Problem to solve: Which lines below hold the word "finally"? Report each one.

[Stored data entries]

lemma (in finite_measure) measure_pos_if_not_AE:
  assumes "{x \<in> space M. P x} \<in> sets M" and "\<not> (AE x in M. \<not> P x)"
  shows "0 < measure M {x \<in> space M. P x}"
proof -
  have "emeasure M {x \<in> space M. P x} \<noteq> 0"
    using assms AE_iff_measurable[of "{x \<in> space M. P x}" M "\<lambda>x. \<not> P x"] by auto
  then show ?thesis by (simp add: emeasure_eq_measure zero_less_measure_iff)
qed

lemma (in finite_measure) integral_mult_AE_const_eq_0:
  fixes \<phi> g :: "'a \<Rightarrow> real"
  assumes [measurable]: "\<phi> \<in> borel_measurable M" "g \<in> borel_measurable M"
    and "AE x in M. \<bar>\<phi> x\<bar> \<le> B" and "(\<integral>x. \<phi> x \<partial>M) = 0" and "AE x in M. g x = C"
  shows "integrable M (\<lambda>x. \<phi> x * g x) \<and> (\<integral>x. \<phi> x * g x \<partial>M) = 0"
proof -
  have "integrable M \<phi>" using assms(3) by (intro integrable_const_bound[where B=B]) auto
  moreover have "AE x in M. \<phi> x * g x = C * \<phi> x" using assms(5) by eventually_elim simp
  ultimately show ?thesis
    using assms(4) integrable_cong_AE[of "\<lambda>x. \<phi> x * g x" M "\<lambda>x. C * \<phi> x"]
      integral_cong_AE[of "\<lambda>x. \<phi> x * g x" M "\<lambda>x. C * \<phi> x"] by simp
qed

section \<open>Admissible kernels and convolution\<close>

lemma radial_nonincreasing_borel_measurable:
  fixes K :: "'a::euclidean_space \<Rightarrow> real"
  assumes radial: "\<forall>x. x \<noteq> 0 \<longrightarrow> K x = k (norm x)"
    and nonincreasing: "\<forall>s t. 0 < s \<longrightarrow> s \<le> t \<longrightarrow> k t \<le> k s"
  shows "K \<in> borel_measurable borel"
proof -
  define g where "g s = - k (exp s)" for s
  have "mono g" unfolding mono_def g_def using nonincreasing by auto
  then have [measurable]: "g \<in> borel_measurable borel" by (rule borel_measurable_mono)
  have "K = (\<lambda>z. if z = 0 then K 0 else - g (ln (norm z)))"
    using radial by (auto simp: g_def fun_eq_iff)
  then show ?thesis by (elim ssubst) measurable
qed

lemma ex_dyadic_shell:
  fixes D x :: real
  assumes "0 < x" and "x < D"
  obtains n where "D / 2 ^ Suc n \<le> x" and "x < D / 2 ^ n"
proof -
  obtain k where "D / x < 2 ^ k" using real_arch_pow[of 2 "D / x"] by auto
  then have ex: "\<exists>k. D / 2 ^ k \<le> x" using assms by (auto simp: field_simps intro!: exI[of _ k])
  define k where "k = (LEAST k. D / 2 ^ k \<le> x)"
  have k: "D / 2 ^ k \<le> x" unfolding k_def by (rule LeastI_ex[OF ex])
  moreover have "k \<noteq> 0"
  proof
    assume "k = 0"
    with k assms show False by simp
  qed
  then obtain n where n: "k = Suc n" using not0_implies_Suc by blast
  moreover have "\<not> D / 2 ^ n \<le> x" using not_less_Least[of n "\<lambda>k. D / 2 ^ k \<le> x"] n by (simp add: k_def)
  ultimately show ?thesis using that by simp
qed

lemma indicator_ball_norm_powr_le_dyadic:
  fixes z :: "'a::real_normed_vector"
  assumes "0 < D" and "p \<le> 0"
  shows "indicator (ball 0 D) z * ennreal (norm z powr p)
    \<le> (\<Sum>n. ennreal ((D / 2 ^ Suc n) powr p) * indicator (ball 0 (D / 2 ^ n)) z)"
proof (cases "z = 0 \<or> D \<le> norm z")
  case False
  then obtain m where m: "D / 2 ^ Suc m \<le> norm z" "norm z < D / 2 ^ m"
    using ex_dyadic_shell[of "norm z" D] by auto
  have "norm z powr p \<le> (D / 2 ^ Suc m) powr p"
    using m False assms by (intro powr_mono2') auto
  then have "indicator (ball 0 D) z * ennreal (norm z powr p)
      \<le> ennreal ((D / 2 ^ Suc m) powr p) * indicator (ball 0 (D / 2 ^ m)) z"
    using m False by (auto simp: indicator_def intro: ennreal_leI)
  also have "\<dots> \<le> (\<Sum>n. ennreal ((D / 2 ^ Suc n) powr p) * indicator (ball 0 (D / 2 ^ n)) z)"
    using ennreal_suminf_lessD[of "\<lambda>n. ennreal ((D / 2 ^ Suc n) powr p) * indicator (ball 0 (D / 2 ^ n)) z" _ m]
    by (meson not_le order_less_irrefl)
  finally show ?thesis .
qed (auto simp: indicator_def)

lemma dyadic_powr_mult_power:
  fixes D :: real
  assumes "0 < D"
  shows "(D / 2 ^ Suc n) powr (1 - real N) * (D / 2 ^ n) ^ N = 2 ^ N * D * (1/2) ^ Suc n"
proof -
  define q where "q = D / 2 ^ Suc n"
  have q: "0 < q" "D / 2 ^ n = 2 * q" using assms by (simp_all add: q_def)
  then have "q powr (1 - real N) * (D / 2 ^ n) ^ N = 2 ^ N * (q powr (1 - real N) * q powr real N)"
    by (simp add: powr_realpow power_mult_distrib)
  also have "q powr (1 - real N) * q powr real N = q" using q by (simp add: powr_add[symmetric])
  finally show ?thesis by (simp add: q_def power_one_over field_simps)
qed

lemma nn_integral_norm_powr_ball_finite:
  assumes "0 < D"
  shows "(\<integral>\<^sup>+ z. indicator (ball (0::'a::euclidean_space) D) z * ennreal (norm z powr (1 - real DIM('a))) \<partial>lborel) < \<infinity>"
proof -
  define N where "N = DIM('a)"
  define c where "c n = (D / 2 ^ Suc n) powr (1 - real N)" for n
  have [measurable]: "ball (0::'a) \<rho> \<in> sets borel" for \<rho> by simp
  have "(\<integral>\<^sup>+ z. indicator (ball (0::'a) D) z * ennreal (norm z powr (1 - real N)) \<partial>lborel)
      \<le> (\<integral>\<^sup>+ z. (\<Sum>n. ennreal (c n) * indicator (ball (0::'a) (D / 2 ^ n)) z) \<partial>lborel)"
    unfolding c_def using assms DIM_positive[where 'a='a]
    by (intro nn_integral_mono indicator_ball_norm_powr_le_dyadic) (auto simp: N_def)
  also have "\<dots> = (\<Sum>n. \<integral>\<^sup>+ z. ennreal (c n) * indicator (ball (0::'a) (D / 2 ^ n)) z \<partial>lborel)"
    by (rule nn_integral_suminf) measurable
  also have "\<dots> = (\<Sum>n. ennreal (c n) * emeasure lborel (ball (0::'a) (D / 2 ^ n)))"
    by (simp add: nn_integral_cmult_indicator)
  also have "\<dots> = (\<Sum>n. ennreal (2 ^ N * D * (1/2) ^ Suc n * unit_ball_vol N))"
  proof (rule suminf_cong)
    fix n
    have ball: "emeasure lborel (ball (0::'a) (D / 2 ^ n)) = ennreal (unit_ball_vol N * (D / 2 ^ n) ^ N)"
      using assms by (simp add: emeasure_ball N_def)
    have mult: "ennreal (c n) * ennreal (unit_ball_vol N * (D / 2 ^ n) ^ N)
        = ennreal (c n * (unit_ball_vol N * (D / 2 ^ n) ^ N))"
      by (rule ennreal_mult'[symmetric]) (simp add: c_def)
    have "c n * (unit_ball_vol N * (D / 2 ^ n) ^ N) = 2 ^ N * D * (1/2) ^ Suc n * unit_ball_vol N"
      using dyadic_powr_mult_power[OF assms, of n N] by (simp add: c_def mult_ac)
    then show "ennreal (c n) * emeasure lborel (ball (0::'a) (D / 2 ^ n))
        = ennreal (2 ^ N * D * (1/2) ^ Suc n * unit_ball_vol N)"
      by (simp only: ball mult)
  qed
  also have "\<dots> < \<infinity>"
  proof -
    have "summable (\<lambda>n. 2 ^ N * D * (1/2::real) ^ Suc n * unit_ball_vol N)"
      by (intro summable_mult2 summable_mult) (simp add: summable_geometric_iff)
    then show ?thesis using assms by (auto simp: ennreal_suminf_neq_top top.not_eq_extremum)
  qed
  finally show ?thesis by (simp add: N_def)
qed

lemma abs_coulomb_le_norm_powr:
  "\<exists>c\<ge>0. \<forall>z::'a::euclidean_space. 0 < norm z \<and> norm z < 1 \<longrightarrow>
      \<bar>coulomb z\<bar> \<le> c * norm z powr (1 - real DIM('a))"
proof -
  consider "DIM('a) = 1" | "DIM('a) = 2" | "DIM('a) \<ge> 3"
    using DIM_positive[where 'a='a] by linarith
  then show ?thesis
  proof cases
    case 1
    then show ?thesis by (intro exI[of _ "1/2"]) (simp add: coulomb_def)
  next
    case 2
    have "\<bar>coulomb z\<bar> \<le> 1 / (2 * pi) * norm z powr (1 - real DIM('a))"
      if z: "0 < norm z" "norm z < 1" for z :: 'a
    proof -
      have "- ln (norm z) = ln (1 / norm z)" using z by (simp add: ln_div)
      also have "\<dots> \<le> 1 / norm z" using z ln_le_minus_one[of "1 / norm z"] by simp
      finally have "- ln (norm z) / (2 * pi) \<le> (1 / norm z) / (2 * pi)"
        by (intro divide_right_mono) auto
      moreover have "\<bar>coulomb z\<bar> = - ln (norm z) / (2 * pi)"
        using 2 z by (simp add: coulomb_def abs_mult)
      moreover have "norm z powr (1 - real DIM('a)) = 1 / norm z"
        using 2 z by (simp add: powr_minus_divide)
      ultimately show ?thesis by (simp add: mult.commute)
    qed
    then show ?thesis by (intro exI[of _ "1 / (2 * pi)"]) auto
  next
    case 3
    define c where "c = 1 / ((real DIM('a) - 2) * omega_N TYPE('a))"
    have c: "0 \<le> c" using 3 by (simp add: c_def omega_N_def)
    have "\<bar>coulomb z\<bar> \<le> c * norm z powr (1 - real DIM('a))"
      if z: "0 < norm z" "norm z < 1" for z :: 'a
    proof -
      have "\<bar>coulomb z\<bar> = c * norm z powr (2 - real DIM('a))"
        using 3 c by (simp add: coulomb_def c_def[symmetric] abs_mult)
      also have "\<dots> \<le> c * norm z powr (1 - real DIM('a))"
        using z c by (intro mult_left_mono powr_mono') auto
      finally show ?thesis .
    qed
    with c show ?thesis by blast
  qed
qed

Result for this exercise:
  finally show ?thesis .
  finally show ?thesis by (simp add: q_def power_one_over field_simps)
  finally show ?thesis by (simp add: N_def)
      finally have "- ln (norm z) / (2 * pi) \<le> (1 / norm z) / (2 * pi)"
      finally show ?thesis .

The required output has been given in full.